En conclusión, el cuarto punto podríamos enunciarlo así: EL ANTIGUO TESTAMENTO, Y COMO EFECTO DE SU EVOLUCIÓN RELIGIOSA INTERNA, VA PREPARANDO POCO A POCO EL TERRENO AL NUEVO. De hecho, el Dios que Jesús revela definitivamente como Padre de todos los hombres se parece mucho más al Dios misericordioso que hallamos en Rut, Jonás o incluso el libro del Génesis, cuyas redacciones tardías nos hacen respirar la atmósfera neotestamentaria tanto en lo referente a Dios como a los hombres. Los amigos de la literatura deuterocanónica o apócrifa saben apreciar bien este rasgo, tan patente en escritos como el libro de Tobías o la Sabiduría de Salomón, entre otros.
Digámoslo sin ambages: el Antiguo Testamento es una joya, no solo literaria, sino también y por encima de todo teológica, una bendición para cuantos hoy leemos y estudiamos la Santa Biblia, pues en él hallamos esos oráculos sagrados que luego se harán patentes en Cristo. Es más que evidente el respeto de Jesús por las Sagradas Escrituras de su pueblo, que él lee en clave no literalista, con lo que nos deja abierta una puerta para su permanente estudio y profundización: las Escrituras veterotestamentarias, afirma, dan testimonio de él (San Lucas 24:27; San Juan 5:39).
Sin Cristo, el Antiguo Testamento es solo un testimonio de la fe del antiguo Israel, con sus luces y sombras, con sus aciertos y errores, con sus altos y bajos, con sus acuerdos y desacuerdos, con sus aserciones y contradicciones. Con Cristo, es la palabra de Dios.
Notas:_________________
1. Tildado por algunos de “Lutero avant la lettre”.
2. En su obra hoy perdida Antítesis, reconstruida por HARNACK A. v.

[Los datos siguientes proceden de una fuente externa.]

(* Let $d\ge2$, $n\ge1$, $\gamma$ a positive conductivity on the lattice graph below, and $d-1\le t\le dn-1$. Then $\ker T_1^{(t)}=\ker T^{(t)}$.
   Context: Lattice: $D=\{x\in\mathbb Z^d:1\le x_i\le n\ \forall i\}$, $\partial D=\{p\in\mathbb Z^d:\min_{q\in D}\|q-p\|_{\ell^1}=1\}$; $E$ = unordered pairs $pq\subseteq D\cup\partial D$ with $\|p-q\|_{\ell^1}=1$, not both in $\partial D$; $\mathcal N(p)=\{q:pq\in E\}$; each $b\in\partial D$ has a unique neighbour $q_b\in D$. Conductivity $\gamma:E\to(0,\infty)$, symmetric. $S_\gamma\varphi$ is the unique $\mathbf u\in\mathbb R^{D\cup\partial D}$ with $\sum_{q\in\mathcal N(p)}\gamma_{pq}(\mathbf u_q-\mathbf u_p)=0$ for all $p\in D$, $\mathbf u=\varphi$ on $\partial D$; $\Lambda_\gamma\varphi=(\gamma_{bq_b}(\mathbf u_{q_b}-\mathbf u_b))_{b\in\partial D}$ with $\mathbf u=S_\gamma\varphi$ (the DtN matrix). Functions on subsets are extended by zero. With $s(x)=\sum_ix_i$: $L_t=\{x\in D:s(x)=t\}$, $K_t^+=\{x\in\partial D:s(x)=t,\max_ix_i=n+1\}$, $K_t^-=\{x\in\partial D:s(x)=t,\min_ix_i=0\}$, $K_t^{\mathcal S\pm}=\bigcup_{\ell\le t}K_\ell^\pm$, $J_t^{\mathcal S}=K_t^{\mathcal S-}\cup K_{t+1}^{\mathcal S+}$. $T^{(t)}:\mathbb R^{J_t^{\mathcal S}}\to\mathbb R^{\partial D\setminus J_t^{\mathcal S}}$, $\varphi\mapsto(\Lambda_\gamma\varphi)|_{\partial D\setminus J_t^{\mathcal S}}$ (the submatrix $\Lambda_\gamma(\partial D\setminus J_t^{\mathcal S};J_t^{\mathcal S})$); $T_1^{(t)}:\mathbb R^{J_t^{\mathcal S}}\to\mathbb R^{L_{t+1}}$, $\varphi\mapsto(S_\gamma\varphi)|_{L_{t+1}}$. *)

theory Defs
  imports Complex_Main
begin

text \<open>Lattice points of Z^d are represented as int lists of length d.\<close>

definition l1dist :: "int list \<Rightarrow> int list \<Rightarrow> int" where
  "l1dist p q = (\<Sum>i<length p. \<bar>p ! i - q ! i\<bar>)"

definition latD :: "nat \<Rightarrow> nat \<Rightarrow> int list set" where
  "latD d n = {x. length x = d \<and> (\<forall>i<d. 1 \<le> x ! i \<and> x ! i \<le> int n)}"

definition bdry :: "nat \<Rightarrow> nat \<Rightarrow> int list set" where
  "bdry d n = {p. length p = d \<and> (\<exists>q\<in>latD d n. l1dist q p = 1)
                 \<and> (\<forall>q\<in>latD d n. 1 \<le> l1dist q p)}"

definition is_edge :: "nat \<Rightarrow> nat \<Rightarrow> int list \<Rightarrow> int list \<Rightarrow> bool" where
  "is_edge d n p q \<longleftrightarrow> p \<in> latD d n \<union> bdry d n \<and> q \<in> latD d n \<union> bdry d n
     \<and> l1dist p q = 1 \<and> \<not> (p \<in> bdry d n \<and> q \<in> bdry d n)"

definition nbrs :: "nat \<Rightarrow> nat \<Rightarrow> int list \<Rightarrow> int list set" where
  "nbrs d n p = {q. is_edge d n p q}"

definition conductivity :: "nat \<Rightarrow> nat \<Rightarrow> (int list \<Rightarrow> int list \<Rightarrow> real) \<Rightarrow> bool" where
  "conductivity d n \<gamma> \<longleftrightarrow> (\<forall>p q. is_edge d n p q \<longrightarrow> \<gamma> p q > 0 \<and> \<gamma> p q = \<gamma> q p)"

definition solve :: "nat \<Rightarrow> nat \<Rightarrow> (int list \<Rightarrow> int list \<Rightarrow> real) \<Rightarrow> (int list \<Rightarrow> real) \<Rightarrow> (int list \<Rightarrow> real)" where
  "solve d n \<gamma> \<phi> = (THE u. (\<forall>p\<in>latD d n. (\<Sum>q\<in>nbrs d n p. \<gamma> p q * (u q - u p)) = 0)
       \<and> (\<forall>b\<in>bdry d n. u b = \<phi> b)
       \<and> (\<forall>x. x \<notin> latD d n \<union> bdry d n \<longrightarrow> u x = 0))"

definition inner_nbr :: "nat \<Rightarrow> nat \<Rightarrow> int list \<Rightarrow> int list" where
  "inner_nbr d n b = (THE q. q \<in> latD d n \<and> is_edge d n b q)"

definition DtN :: "nat \<Rightarrow> nat \<Rightarrow> (int list \<Rightarrow> int list \<Rightarrow> real) \<Rightarrow> (int list \<Rightarrow> real) \<Rightarrow> (int list \<Rightarrow> real)" where
  "DtN d n \<gamma> \<phi> = (\<lambda>b. if b \<in> bdry d n then
       (let u = solve d n \<gamma> \<phi>; q = inner_nbr d n b in \<gamma> b q * (u q - u b)) else 0)"

definition lsum :: "int list \<Rightarrow> int" where "lsum x = sum_list x"

definition layer :: "nat \<Rightarrow> nat \<Rightarrow> int \<Rightarrow> int list set" where
  "layer d n t = {x\<in>latD d n. lsum x = t}"

definition Kplus :: "nat \<Rightarrow> nat \<Rightarrow> int \<Rightarrow> int list set" where
  "Kplus d n t = {x\<in>bdry d n. lsum x = t \<and> Max (set x) = int n + 1}"

definition Kminus :: "nat \<Rightarrow> nat \<Rightarrow> int \<Rightarrow> int list set" where
  "Kminus d n t = {x\<in>bdry d n. lsum x = t \<and> Min (set x) = 0}"

definition KSplus :: "nat \<Rightarrow> nat \<Rightarrow> int \<Rightarrow> int list set" where
  "KSplus d n t = (\<Union>l\<in>{l. l \<le> t}. Kplus d n l)"

definition KSminus :: "nat \<Rightarrow> nat \<Rightarrow> int \<Rightarrow> int list set" where
  "KSminus d n t = (\<Union>l\<in>{l. l \<le> t}. Kminus d n l)"

definition JS :: "nat \<Rightarrow> nat \<Rightarrow> int \<Rightarrow> int list set" where
  "JS d n t = KSminus d n t \<union> KSplus d n (t + 1)"

text \<open>Vectors in R^J, represented as functions vanishing outside J.\<close>
definition vecs_on :: "int list set \<Rightarrow> (int list \<Rightarrow> real) set" where
  "vecs_on J = {\<phi>. \<forall>x. x \<notin> J \<longrightarrow> \<phi> x = 0}"

text \<open>Kernel of T^(t) = Lambda(\<partial>D \ J; J).\<close>
definition kerT :: "nat \<Rightarrow> nat \<Rightarrow> (int list \<Rightarrow> int list \<Rightarrow> real) \<Rightarrow> int \<Rightarrow> (int list \<Rightarrow> real) set" where
  "kerT d n \<gamma> t = {\<phi>\<in>vecs_on (JS d n t).
       \<forall>b\<in>bdry d n - JS d n t. DtN d n \<gamma> \<phi> b = 0}"

text \<open>Kernel of T_1^(t): phi \<mapsto> (S phi) restricted to L_(t+1).\<close>
definition kerT1 :: "nat \<Rightarrow> nat \<Rightarrow> (int list \<Rightarrow> int list \<Rightarrow> real) \<Rightarrow> int \<Rightarrow> (int list \<Rightarrow> real) set" where
  "kerT1 d n \<gamma> t = {\<phi>\<in>vecs_on (JS d n t).
       \<forall>x\<in>layer d n (t + 1). solve d n \<gamma> \<phi> x = 0}"

end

Marcion. Das Evangelium von fremden Gott. Leipzig: TU. 1924, 89-92.
3. Incluidos los llamados libros deuterocanónicos o apócrifos, que forman parte de las ediciones católicas e interconfesionales de la Biblia.
4. Que el antiguo Israel dispuso de crónicas cortesanas y relatos puramente históricos, al estilo de otros pueblos de su entorno geográfico y cultural, es algo que los propios escritos veterotestamentarios atestiguan. Cf. 1 Reyes 14:19; 2 Crónicas 13:22.
5. Jesús y los Apóstoles no conocieron otra Escritura que el Antiguo Testamento. Y es dudoso que los Apóstoles y sus discípulos, al componer los escritos neotestamentarios, tuvieran conciencia clara de estar escribiendo la segunda parte de lo que luego se llamaría la Biblia.
6. Aunque los veintisiete escritos que componen el Nuevo Testamento fueran redactados en su mayoría durante el siglo I, es de suponer que no todas las congregaciones cristianas dispondrían de copias de cada uno de ellos. Por otro lado, no fue sino hasta los siglos IV y V cuando el conjunto de la Cristiandad reconoció el valor canónico de los veintisiete escritos neotestamentarios. Hasta ese momento había habido dudas sobre algunos de ellos en ciertos sectores.
7. Marción de Sínope, al elaborar un canon sagrado particular del Nuevo Testamento compuesto exclusivamente de escritos paulinos y el Evangelio de San Lucas, impulsó a la Iglesia a delimitar el canon neotestamentario universal.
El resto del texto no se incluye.